Exercise objective
Restate the records in full, keeping every word as it is.

Given records
lemma unitary_rep_generate_eigenvector:
  assumes "group G" and rep: "unitary_rep G \<rho>" and S: "S \<subseteq> carrier G"
    and eig: "\<And>s. s \<in> S \<Longrightarrow> \<exists>c. \<rho> s *v z = c *s z"
    and "g \<in> generate G S"
  shows "\<exists>c. \<rho> g *v z = c *s z"
  using \<open>g \<in> generate G S\<close>
proof (induction rule: generate.induct)
  case one
  show ?case using unitary_rep_one[OF assms(1) rep] by (intro exI[of _ 1]) simp
next
  case (incl h)
  then show ?case by (rule eig)
next
  case (inv h)
  interpret group G by fact
  obtain c where c: "\<rho> h *v z = c *s z" using eig[OF inv] by blast
  have "h \<in> carrier G" using inv S by blast
  then have "\<rho> (inv\<^bsub>G\<^esub> h \<otimes>\<^bsub>G\<^esub> h) = \<rho> (inv\<^bsub>G\<^esub> h) ** \<rho> h"
    using rep \<open>h \<in> carrier G\<close> unfolding unitary_rep_def by (metis inv_closed)
  then have "\<rho> (inv\<^bsub>G\<^esub> h) ** \<rho> h = mat 1"
    using unitary_rep_one[OF assms(1) rep] \<open>h \<in> carrier G\<close> by simp
  then have "z = (\<rho> (inv\<^bsub>G\<^esub> h) ** \<rho> h) *v z" by simp
  also have "\<dots> = c *s (\<rho> (inv\<^bsub>G\<^esub> h) *v z)"
    using c by (simp add: matrix_vector_mul_assoc[symmetric] vector_scalar_commute)
  finally have z: "z = c *s (\<rho> (inv\<^bsub>G\<^esub> h) *v z)" .
  show ?case
  proof (cases "c = 0")
    case True
    then show ?thesis using z by (intro exI[of _ 0]) simp
  next
    case False
    then have "\<rho> (inv\<^bsub>G\<^esub> h) *v z = (1 / c) *s z"
      by (subst z) (simp add: vector_smult_assoc)
    then show ?thesis by blast
  qed
next
  case (eng h1 h2)
  interpret group G by fact
  have "h1 \<in> carrier G" "h2 \<in> carrier G" using eng.hyps S generate_in_carrier by blast+
  then have "\<rho> (h1 \<otimes>\<^bsub>G\<^esub> h2) = \<rho> h1 ** \<rho> h2" using rep by (simp add: unitary_rep_def)
  moreover obtain c1 c2 where "\<rho> h1 *v z = c1 *s z" "\<rho> h2 *v z = c2 *s z" using eng.IH by blast
  ultimately have "\<rho> (h1 \<otimes>\<^bsub>G\<^esub> h2) *v z = (c2 * c1) *s z"
    by (simp add: matrix_vector_mul_assoc[symmetric] vector_scalar_commute vector_smult_assoc)
  then show ?case by blast
qed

Written response
lemma unitary_rep_generate_eigenvector:
  assumes "group G" and rep: "unitary_rep G \<rho>" and S: "S \<subseteq> carrier G"
    and eig: "\<And>s. s \<in> S \<Longrightarrow> \<exists>c. \<rho> s *v z = c *s z"
    and "g \<in> generate G S"
  shows "\<exists>c. \<rho> g *v z = c *s z"
  using \<open>g \<in> generate G S\<close>
proof (induction rule: generate.induct)
  case one
  show ?case using unitary_rep_one[OF assms(1) rep] by (intro exI[of _ 1]) simp
next
  case (incl h)
  then show ?case by (rule eig)
next
  case (inv h)
  interpret group G by fact
  obtain c where c: "\<rho> h *v z = c *s z" using eig[OF inv] by blast
  have "h \<in> carrier G" using inv S by blast
  then have "\<rho> (inv\<^bsub>G\<^esub> h \<otimes>\<^bsub>G\<^esub> h) = \<rho> (inv\<^bsub>G\<^esub> h) ** \<rho> h"
    using rep \<open>h \<in> carrier G\<close> unfolding unitary_rep_def by (metis inv_closed)
  then have "\<rho> (inv\<^bsub>G\<^esub> h) ** \<rho> h = mat 1"
    using unitary_rep_one[OF assms(1) rep] \<open>h \<in> carrier G\<close> by simp
  then have "z = (\<rho> (inv\<^bsub>G\<^esub> h) ** \<rho> h) *v z" by simp
  also have "\<dots> = c *s (\<rho> (inv\<^bsub>G\<^esub> h) *v z)"
    using c by (simp add: matrix_vector_mul_assoc[symmetric] vector_scalar_commute)
  finally have z: "z = c *s (\<rho> (inv\<^bsub>G\<^esub> h) *v z)" .
  show ?case
  proof (cases "c = 0")
    case True
    then show ?thesis using z by (intro exI[of _ 0]) simp
  next
    case False
    then have "\<rho> (inv\<^bsub>G\<^esub> h) *v z = (1 / c) *s z"
      by (subst z) (simp add: vector_smult_assoc)
    then show ?thesis by blast
  qed
next
  case (eng h1 h2)
  interpret group G by fact
  have "h1 \<in> carrier G" "h2 \<in> carrier G" using eng.hyps S generate_in_carrier by blast+
  then have "\<rho> (h1 \<otimes>\<^bsub>G\<^esub> h2) = \<rho> h1 ** \<rho> h2" using rep by (simp add: unitary_rep_def)
  moreover obtain c1 c2 where "\<rho> h1 *v z = c1 *s z" "\<rho> h2 *v z = c2 *s z" using eng.IH by blast
  ultimately have "\<rho> (h1 \<otimes>\<^bsub>G\<^esub> h2) *v z = (c2 * c1) *s z"
    by (simp add: matrix_vector_mul_assoc[symmetric] vector_scalar_commute vector_smult_assoc)
  then show ?case by blast
qed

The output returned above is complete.